The roles of Mary and Jamie are the lengthiest and most challenging here, the pay-off roles, and Shannon gives a mean-minded, rough-and-ready, Steppenwolf Theatre-style performance as Jamie, using the low notes in his voice so that he sometimes sounds like the definitive originator of this role, Jason Robards, Jr., but putting his own menacingly physical stamp on it. Shannon uses his tallness as a weapon against the other family members, towering over them to intimidate them, and this brings out how much director Jonathan Kent has made this Long Day’s Journey Into Night into a real physical and verbal battle royale, active and muscular, a blood sport where everyone is a gladiator in the arena, which is as it should be. These Tyrones interrupt each other and overlap dialogue and try to shout each other down, and they only listen to some of what the others say because if they took in everything that was being said then they wouldn’t be able to go on living.

Byrne plays his tightwad ham patriarch as a rather seedy fellow with somewhat limited emotions to match his grandstanding, though he does make a case for his character when James talks about how he might have been a great actor, delivering this monologue straight out to the audience as if it were a musical number. Edmund has traditionally been the toughest, least rewarding part here, and Gallagher, Jr. solves a lot of the problems with it by playing him as a kind of mini-Jamie, much more lusty and sarcastic than I’ve ever seen Edmund played before.

This Long Day’s Journey moves like a speeding freight train until Lange delivers Mary’s last monologue down stage and straight out to the audience. She uses her most girlishly high voice as Mary talks about wanting to become a nun and then details what she feels is a crucial turning point in her young life.
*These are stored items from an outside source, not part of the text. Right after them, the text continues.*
lemma L2lam_if_continuous_on_cball:
  assumes "f holomorphic_on disc" "continuous_on (cball 0 1) f" "0 \<le> lam" "lam \<le> 1"
  shows "f \<in> L2lam lam"
proof -
  have "bounded (f ` cball 0 1)"
    using assms(2) by (intro compact_imp_bounded compact_continuous_image) auto
  then obtain M where M: "\<And>z. z \<in> cball 0 1 \<Longrightarrow> cmod (f z) \<le> M"
    unfolding bounded_iff by blast
  have bdry: "bdry f = (\<lambda>t. f (cis t))"
    using bdry_eq_if_continuous_on_cball[OF assms(2)] by blast
  have "continuous_on UNIV (bdry f)"
    unfolding bdry by (rule continuous_on_compose2[OF assms(2)]) (auto intro!: continuous_intros)
  hence "bdry_morrey lam f \<le> ennreal (2 * M)"
    using M assms(3,4) by (intro bdry_morrey_le) (auto simp: bdry)
  hence "bdry_morrey lam f < top" using le_less_trans ennreal_less_top by blast
  moreover have "f \<in> H2" using M by (intro H2_if_bounded[OF assms(1), of M]) (auto simp: disc_def)
  ultimately show ?thesis by (simp add: L2lam_def)
qed

lemma L2lam_norm_le:
  assumes b: "b \<in> disc" and lam: "0 \<le> lam" "lam \<le> 3" and K: "0 \<le> K" and f0: "cmod (f 0) \<le> 1"
    and f': "\<And>z. z \<in> disc \<Longrightarrow> (cmod (deriv f z))\<^sup>2 \<le> K * mobius_weight lam b z"
  shows "L2lam_norm lam f \<le> ennreal (1 + 16 * sqrt K)"
proof -
  have "ennsqrt (ennreal (l powr (-lam)) * box_energy (\<lambda>z. (cmod (deriv f z))\<^sup>2) a l) \<le> ennreal (16 * sqrt K)"
    if "l \<in> {0<..1}" for a l
  proof -
    have "ennreal (l powr (-lam)) * box_energy (\<lambda>z. (cmod (deriv f z))\<^sup>2) a l \<le> ennreal (256 * K)"
      using that f' by (intro scaled_box_energy_le[OF b lam _ _ K]) auto
    from ennsqrt_le[OF this] show ?thesis using K by (simp add: real_sqrt_mult)
  qed
  hence "(SUP (a, l)\<in>UNIV \<times> {0<..1}.
      ennsqrt (ennreal (l powr (-lam)) * box_energy (\<lambda>z. (cmod (deriv f z))\<^sup>2) a l)) \<le> ennreal (16 * sqrt K)"
    by (intro SUP_least) auto
  hence "L2lam_norm lam f \<le> ennreal 1 + ennreal (16 * sqrt K)"
    unfolding L2lam_norm_def box_energy_def using f0 by (intro add_mono ennreal_leI) auto
  thus ?thesis using K by (simp add: ennreal_plus)
qed
lemma has_integral_sqrt_shift_substitution:
  fixes f :: "real \<Rightarrow> real" and a :: real
  assumes a: "a \<ge> 0"
    and f: "continuous_on {0..} f" "f integrable_on {0..}" "\<And>v. v \<ge> 0 \<Longrightarrow> f v \<ge> 0"
  shows "((\<lambda>t. f (sqrt (t + a\<^sup>2) - a) / (2 * sqrt (t + a\<^sup>2))) has_integral integral {0..} f) {0..}"
proof -
  define \<phi> where "\<phi> t = sqrt (t + a\<^sup>2) - a" for t
  define \<phi>' where "\<phi>' t = 1 / (2 * sqrt (t + a\<^sup>2))" for t
  have \<phi>_0: "\<phi> 0 = 0"
    using a by (simp add: \<phi>_def)
  have "((\<lambda>t. \<phi>' t * f (\<phi> t)) has_integral integral {\<phi> 0..} f) {0..}"
  proof (rule has_integral_substitution_atLeast)
    show "continuous_on {\<phi> 0..} f" "f integrable_on {\<phi> 0..}" "\<And>v. v \<ge> \<phi> 0 \<Longrightarrow> f v \<ge> 0"
      using f by (simp_all add: \<phi>_0)
    show "continuous_on {0..} \<phi>"
      unfolding \<phi>_def by (intro continuous_intros)
    show "mono_on {0..} \<phi>"
      unfolding \<phi>_def by (intro mono_onI) (simp add: real_sqrt_le_mono)
    show "filterlim \<phi> at_top at_top"
      unfolding \<phi>_def by real_asymp
    show "(\<phi> has_real_derivative \<phi>' t) (at t)" if "t > 0" for t
    proof -
      have "t + a\<^sup>2 > 0"
        using that by (simp add: add_pos_nonneg)
      then show ?thesis
        unfolding \<phi>_def \<phi>'_def by (auto intro!: derivative_eq_intros simp: inverse_eq_divide)
    qed
    show "\<phi>' t \<ge> 0" if "t \<ge> 0" for t
      using that a by (simp add: \<phi>'_def)
  qed
  then show ?thesis
    by (simp only: \<phi>_0) (simp add: \<phi>_def \<phi>'_def)
qed

lemma R_C_eq_integral_inverse_quadratic:
  fixes a r :: real
  assumes a: "a \<ge> 0" and r: "r > 0"
  shows "R_C (a\<^sup>2) (r\<^sup>2) = integral {0..} (\<lambda>v. 1 / (v\<^sup>2 + 2 * a * v + r\<^sup>2))"
proof -
  define f where "f v = 1 / (v\<^sup>2 + 2 * a * v + r\<^sup>2)" for v
  have "v\<^sup>2 + 2 * a * v + r\<^sup>2 > 0" if "v \<ge> 0" for v
    using that a r by (intro add_nonneg_pos) auto
  then have "((\<lambda>t. f (sqrt (t + a\<^sup>2) - a) / (2 * sqrt (t + a\<^sup>2))) has_integral integral {0..} f) {0..}"
    using continuous_on_inverse_quadratic[OF a r] integrable_on_inverse_quadratic[OF a r] a
    by (intro has_integral_sqrt_shift_substitution) (auto simp: f_def less_imp_le)
  \<comment> \<open>For t = a = 0 both sides are the junk value 0: 0 powr (-1/2) = 0 and 1 / 0 = 0.\<close>
  moreover have "f (sqrt (t + a\<^sup>2) - a) / (2 * sqrt (t + a\<^sup>2))
      = (1/2) * ((t + a\<^sup>2) powr (-1/2) * inverse (t + r\<^sup>2))" if "t \<in> {0..}" for t
  proof -
    have "(sqrt (t + a\<^sup>2) - a)\<^sup>2 + 2 * a * (sqrt (t + a\<^sup>2) - a) + r\<^sup>2 = t + r\<^sup>2"
      using that a by (simp add: power2_eq_square algebra_simps)
    moreover have "(t + a\<^sup>2) powr (-1/2) = 1 / sqrt (t + a\<^sup>2)"
      using that by (simp add: powr_minus_divide powr_half_sqrt)
    ultimately show ?thesis
      by (simp add: f_def inverse_eq_divide)
  qed
  ultimately have "((\<lambda>t. (1/2) * ((t + a\<^sup>2) powr (-1/2) * inverse (t + r\<^sup>2))) has_integral
      integral {0..} f) {0..}"
    by (rule has_integral_eq[rotated])
  from has_integral_mult_right[OF this, of 2]
  have "((\<lambda>t. (t + a\<^sup>2) powr (-1/2) * inverse (t + r\<^sup>2)) has_integral 2 * integral {0..} f) {0..}"
    by simp
  then have "integral {0..} (\<lambda>t. (t + a\<^sup>2) powr (-1/2) * inverse (t + r\<^sup>2)) = 2 * integral {0..} f"
    by (rule integral_unique)
  then show ?thesis
    unfolding R_C_def f_def by simp
qed

definition R_C_remainder :: "real \<Rightarrow> real \<Rightarrow> real" where
  "R_C_remainder a r = integral {0..} (\<lambda>v. v\<^sup>2 / ((v\<^sup>2 + r\<^sup>2)\<^sup>2 * (v\<^sup>2 + 2 * a * v + r\<^sup>2)))"

lemma R_C_remainder_integrand_bounds:
  fixes a r v :: real
  assumes a: "a \<ge> 0" and r: "r > 0" and v: "v \<ge> 0"
  shows "v\<^sup>2 / (v\<^sup>2 + r\<^sup>2) ^ 3 / (1 + a / r) \<le> v\<^sup>2 / ((v\<^sup>2 + r\<^sup>2)\<^sup>2 * (v\<^sup>2 + 2 * a * v + r\<^sup>2))"
    and "v\<^sup>2 / ((v\<^sup>2 + r\<^sup>2)\<^sup>2 * (v\<^sup>2 + 2 * a * v + r\<^sup>2)) \<le> v\<^sup>2 / (v\<^sup>2 + r\<^sup>2) ^ 3"
proof -
  define w where "w = v\<^sup>2 + r\<^sup>2"
  define W where "W = v\<^sup>2 + 2 * a * v + r\<^sup>2"
  have w: "w > 0"
    using r by (simp add: w_def add_nonneg_pos)
  have "(1 + a / r) * w - W = a / r * (v - r)\<^sup>2"
    using r by (simp add: w_def W_def field_simps power2_eq_square)
  then have "W \<le> (1 + a / r) * w"
    using a r by (smt (verit) divide_nonneg_pos mult_nonneg_nonneg zero_le_power2)
  moreover have "w \<le> W"
    using a v by (simp add: w_def W_def)
  ultimately have "w\<^sup>2 * W \<le> w\<^sup>2 * ((1 + a / r) * w)" "w\<^sup>2 * w \<le> w\<^sup>2 * W"
    by (simp_all add: mult_left_mono)
  moreover have "0 < w\<^sup>2 * w" "0 < w\<^sup>2 * W"
    using w \<open>w \<le> W\<close> by simp_all
  ultimately have "v\<^sup>2 / (w\<^sup>2 * ((1 + a / r) * w)) \<le> v\<^sup>2 / (w\<^sup>2 * W)"
    "v\<^sup>2 / (w\<^sup>2 * W) \<le> v\<^sup>2 / (w\<^sup>2 * w)"
    by (simp_all add: divide_left_mono mult_pos_pos)
  then show "v\<^sup>2 / (v\<^sup>2 + r\<^sup>2) ^ 3 / (1 + a / r) \<le> v\<^sup>2 / ((v\<^sup>2 + r\<^sup>2)\<^sup>2 * (v\<^sup>2 + 2 * a * v + r\<^sup>2))"
    and "v\<^sup>2 / ((v\<^sup>2 + r\<^sup>2)\<^sup>2 * (v\<^sup>2 + 2 * a * v + r\<^sup>2)) \<le> v\<^sup>2 / (v\<^sup>2 + r\<^sup>2) ^ 3"
    by (simp_all add: w_def W_def power3_eq_cube power2_eq_square mult_ac)
qed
Lange takes the briefest pause before coming to the famous curtain line and shifts into her lowest, most unforgiving tone to say, “I fell in love with James Tyrone and was so happy for a time.” She says this fairly fast all on one breath, and she gets a whole lifetime of regret into this one climactic line.

Never before have I felt that Mary truly should not have married James, but Lange made me feel exactly why she shouldn’t have, and in reaching that point she works a catharsis. Lange makes us see that Mary is trying desperately hard throughout the long day into the night to discover why her life has turned out so badly when she started it with such promise, and in this last line she seems to have finally worked it out, almost like a math theorem. Sometimes in life the only relief is in seeing your choices with clarity, and at least Lange’s Mary reaches that point before going back to square one at the dawn of yet another punishing day.